┌────────
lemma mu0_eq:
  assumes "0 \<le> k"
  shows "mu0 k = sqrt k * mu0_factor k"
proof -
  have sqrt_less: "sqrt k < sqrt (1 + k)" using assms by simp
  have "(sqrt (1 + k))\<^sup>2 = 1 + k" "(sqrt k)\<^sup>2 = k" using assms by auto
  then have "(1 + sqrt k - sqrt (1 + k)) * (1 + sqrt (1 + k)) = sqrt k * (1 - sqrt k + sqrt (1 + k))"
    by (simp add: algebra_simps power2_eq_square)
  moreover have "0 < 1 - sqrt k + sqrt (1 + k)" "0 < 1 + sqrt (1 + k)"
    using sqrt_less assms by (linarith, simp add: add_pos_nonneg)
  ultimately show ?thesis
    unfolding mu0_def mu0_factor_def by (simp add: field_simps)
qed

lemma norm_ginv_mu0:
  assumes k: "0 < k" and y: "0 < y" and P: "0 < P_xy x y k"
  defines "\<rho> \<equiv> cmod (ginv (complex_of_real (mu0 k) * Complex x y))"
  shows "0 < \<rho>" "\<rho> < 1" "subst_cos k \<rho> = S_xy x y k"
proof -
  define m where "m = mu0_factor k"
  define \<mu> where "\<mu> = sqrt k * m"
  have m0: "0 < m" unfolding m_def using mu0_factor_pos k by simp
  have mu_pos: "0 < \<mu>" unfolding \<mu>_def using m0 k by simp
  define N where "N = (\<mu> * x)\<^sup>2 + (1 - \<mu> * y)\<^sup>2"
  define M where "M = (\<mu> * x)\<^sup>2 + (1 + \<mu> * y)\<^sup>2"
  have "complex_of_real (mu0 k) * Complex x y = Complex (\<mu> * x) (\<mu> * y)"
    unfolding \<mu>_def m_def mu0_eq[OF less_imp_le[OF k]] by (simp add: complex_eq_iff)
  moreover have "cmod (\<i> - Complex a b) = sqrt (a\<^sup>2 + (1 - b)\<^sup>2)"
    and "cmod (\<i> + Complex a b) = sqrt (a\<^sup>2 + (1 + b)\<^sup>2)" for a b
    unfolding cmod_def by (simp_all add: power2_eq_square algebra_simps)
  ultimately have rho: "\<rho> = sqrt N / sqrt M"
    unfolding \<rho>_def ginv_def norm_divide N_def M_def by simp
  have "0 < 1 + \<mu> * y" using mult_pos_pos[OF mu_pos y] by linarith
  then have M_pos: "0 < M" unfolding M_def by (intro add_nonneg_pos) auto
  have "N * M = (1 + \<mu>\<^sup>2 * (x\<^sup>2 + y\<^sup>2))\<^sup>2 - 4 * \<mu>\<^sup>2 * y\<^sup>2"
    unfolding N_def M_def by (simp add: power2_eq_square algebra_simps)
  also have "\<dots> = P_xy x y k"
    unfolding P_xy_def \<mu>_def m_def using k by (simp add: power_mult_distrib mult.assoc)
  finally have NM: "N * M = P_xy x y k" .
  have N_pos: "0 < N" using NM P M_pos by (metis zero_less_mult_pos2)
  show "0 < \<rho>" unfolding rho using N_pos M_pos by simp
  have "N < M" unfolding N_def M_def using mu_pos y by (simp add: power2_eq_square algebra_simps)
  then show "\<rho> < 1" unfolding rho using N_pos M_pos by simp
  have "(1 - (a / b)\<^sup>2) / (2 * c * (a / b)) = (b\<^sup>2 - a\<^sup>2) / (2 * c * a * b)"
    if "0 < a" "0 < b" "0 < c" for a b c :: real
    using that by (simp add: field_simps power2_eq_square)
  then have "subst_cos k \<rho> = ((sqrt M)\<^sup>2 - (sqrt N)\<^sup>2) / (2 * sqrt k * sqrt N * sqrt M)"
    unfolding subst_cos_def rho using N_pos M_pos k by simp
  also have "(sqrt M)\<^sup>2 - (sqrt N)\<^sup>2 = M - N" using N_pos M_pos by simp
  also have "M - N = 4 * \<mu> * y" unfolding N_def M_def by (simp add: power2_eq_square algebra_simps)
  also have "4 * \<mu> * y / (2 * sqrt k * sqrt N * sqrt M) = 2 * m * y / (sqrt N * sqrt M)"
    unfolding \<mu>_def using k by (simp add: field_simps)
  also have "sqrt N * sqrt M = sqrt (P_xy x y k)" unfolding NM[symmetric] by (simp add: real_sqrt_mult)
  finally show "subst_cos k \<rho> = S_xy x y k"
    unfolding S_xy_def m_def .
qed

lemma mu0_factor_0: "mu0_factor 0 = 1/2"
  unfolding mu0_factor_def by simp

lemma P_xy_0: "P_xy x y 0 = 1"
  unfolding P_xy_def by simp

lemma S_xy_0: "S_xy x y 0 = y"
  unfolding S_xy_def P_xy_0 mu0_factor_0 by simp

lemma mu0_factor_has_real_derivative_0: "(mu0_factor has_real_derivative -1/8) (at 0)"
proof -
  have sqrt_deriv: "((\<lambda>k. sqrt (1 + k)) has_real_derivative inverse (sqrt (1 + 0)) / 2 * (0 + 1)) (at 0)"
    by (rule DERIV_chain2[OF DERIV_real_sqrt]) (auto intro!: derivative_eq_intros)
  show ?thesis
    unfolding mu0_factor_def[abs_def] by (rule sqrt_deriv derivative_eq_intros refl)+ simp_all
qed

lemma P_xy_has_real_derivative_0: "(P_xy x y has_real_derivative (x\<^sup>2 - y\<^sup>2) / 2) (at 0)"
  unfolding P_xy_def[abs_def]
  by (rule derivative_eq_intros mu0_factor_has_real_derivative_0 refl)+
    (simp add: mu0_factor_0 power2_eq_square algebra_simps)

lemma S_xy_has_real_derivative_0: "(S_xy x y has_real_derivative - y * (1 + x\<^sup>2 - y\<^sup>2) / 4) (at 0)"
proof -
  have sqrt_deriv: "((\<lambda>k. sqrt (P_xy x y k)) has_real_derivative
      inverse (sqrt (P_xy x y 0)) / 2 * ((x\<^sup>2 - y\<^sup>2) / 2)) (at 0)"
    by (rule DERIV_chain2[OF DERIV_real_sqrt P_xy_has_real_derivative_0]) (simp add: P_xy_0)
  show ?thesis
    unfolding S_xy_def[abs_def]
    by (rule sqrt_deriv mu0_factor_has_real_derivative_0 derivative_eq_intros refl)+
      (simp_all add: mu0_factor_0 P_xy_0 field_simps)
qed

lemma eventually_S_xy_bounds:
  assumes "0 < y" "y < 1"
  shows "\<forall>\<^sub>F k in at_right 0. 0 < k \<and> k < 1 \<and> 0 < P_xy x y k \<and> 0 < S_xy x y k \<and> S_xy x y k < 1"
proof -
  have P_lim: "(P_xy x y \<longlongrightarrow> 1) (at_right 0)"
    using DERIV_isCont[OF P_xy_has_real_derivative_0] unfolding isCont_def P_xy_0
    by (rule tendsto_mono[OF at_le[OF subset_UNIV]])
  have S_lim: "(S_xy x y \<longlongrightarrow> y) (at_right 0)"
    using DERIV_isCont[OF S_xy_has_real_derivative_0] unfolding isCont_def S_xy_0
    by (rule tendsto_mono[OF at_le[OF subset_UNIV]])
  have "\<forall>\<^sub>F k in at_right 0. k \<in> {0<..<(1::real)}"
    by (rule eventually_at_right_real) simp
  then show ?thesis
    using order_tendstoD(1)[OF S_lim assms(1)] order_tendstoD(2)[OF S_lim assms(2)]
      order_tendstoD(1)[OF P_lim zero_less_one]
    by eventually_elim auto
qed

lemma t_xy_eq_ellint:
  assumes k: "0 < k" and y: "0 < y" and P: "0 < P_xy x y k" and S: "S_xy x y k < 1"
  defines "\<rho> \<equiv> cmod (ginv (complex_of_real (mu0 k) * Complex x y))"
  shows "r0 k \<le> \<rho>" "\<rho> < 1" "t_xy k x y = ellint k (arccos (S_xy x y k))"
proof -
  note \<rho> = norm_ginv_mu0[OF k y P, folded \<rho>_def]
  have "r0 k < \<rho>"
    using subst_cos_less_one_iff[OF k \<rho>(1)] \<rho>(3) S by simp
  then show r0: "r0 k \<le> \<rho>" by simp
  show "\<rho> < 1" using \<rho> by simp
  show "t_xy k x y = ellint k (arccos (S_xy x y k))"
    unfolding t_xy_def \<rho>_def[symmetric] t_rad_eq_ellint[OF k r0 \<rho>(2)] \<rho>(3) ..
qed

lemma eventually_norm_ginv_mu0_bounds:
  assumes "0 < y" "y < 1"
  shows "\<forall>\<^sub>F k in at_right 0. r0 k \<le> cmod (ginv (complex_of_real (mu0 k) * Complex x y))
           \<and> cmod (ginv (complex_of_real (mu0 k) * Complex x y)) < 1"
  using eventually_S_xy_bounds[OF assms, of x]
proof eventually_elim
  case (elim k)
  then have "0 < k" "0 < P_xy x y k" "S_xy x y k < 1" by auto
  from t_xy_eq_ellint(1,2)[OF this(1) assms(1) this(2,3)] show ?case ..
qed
└────────
_Exercise goal:_ Within the material above, extract exactly the lines that start at the line containing "(simp add: real_sqrt_mult)" and stop after the line containing "y \<longlongrightarrow> y)", and only those.

_Solution below:_
  also have "sqrt N * sqrt M = sqrt (P_xy x y k)" unfolding NM[symmetric] by (simp add: real_sqrt_mult)
  finally show "subst_cos k \<rho> = S_xy x y k"
    unfolding S_xy_def m_def .
qed

lemma mu0_factor_0: "mu0_factor 0 = 1/2"
  unfolding mu0_factor_def by simp

lemma P_xy_0: "P_xy x y 0 = 1"
  unfolding P_xy_def by simp

lemma S_xy_0: "S_xy x y 0 = y"
  unfolding S_xy_def P_xy_0 mu0_factor_0 by simp

lemma mu0_factor_has_real_derivative_0: "(mu0_factor has_real_derivative -1/8) (at 0)"
proof -
  have sqrt_deriv: "((\<lambda>k. sqrt (1 + k)) has_real_derivative inverse (sqrt (1 + 0)) / 2 * (0 + 1)) (at 0)"
    by (rule DERIV_chain2[OF DERIV_real_sqrt]) (auto intro!: derivative_eq_intros)
  show ?thesis
    unfolding mu0_factor_def[abs_def] by (rule sqrt_deriv derivative_eq_intros refl)+ simp_all
qed

lemma P_xy_has_real_derivative_0: "(P_xy x y has_real_derivative (x\<^sup>2 - y\<^sup>2) / 2) (at 0)"
  unfolding P_xy_def[abs_def]
  by (rule derivative_eq_intros mu0_factor_has_real_derivative_0 refl)+
    (simp add: mu0_factor_0 power2_eq_square algebra_simps)

lemma S_xy_has_real_derivative_0: "(S_xy x y has_real_derivative - y * (1 + x\<^sup>2 - y\<^sup>2) / 4) (at 0)"
proof -
  have sqrt_deriv: "((\<lambda>k. sqrt (P_xy x y k)) has_real_derivative
      inverse (sqrt (P_xy x y 0)) / 2 * ((x\<^sup>2 - y\<^sup>2) / 2)) (at 0)"
    by (rule DERIV_chain2[OF DERIV_real_sqrt P_xy_has_real_derivative_0]) (simp add: P_xy_0)
  show ?thesis
    unfolding S_xy_def[abs_def]
    by (rule sqrt_deriv mu0_factor_has_real_derivative_0 derivative_eq_intros refl)+
      (simp_all add: mu0_factor_0 P_xy_0 field_simps)
qed

lemma eventually_S_xy_bounds:
  assumes "0 < y" "y < 1"
  shows "\<forall>\<^sub>F k in at_right 0. 0 < k \<and> k < 1 \<and> 0 < P_xy x y k \<and> 0 < S_xy x y k \<and> S_xy x y k < 1"
proof -
  have P_lim: "(P_xy x y \<longlongrightarrow> 1) (at_right 0)"
    using DERIV_isCont[OF P_xy_has_real_derivative_0] unfolding isCont_def P_xy_0
    by (rule tendsto_mono[OF at_le[OF subset_UNIV]])
  have S_lim: "(S_xy x y \<longlongrightarrow> y) (at_right 0)"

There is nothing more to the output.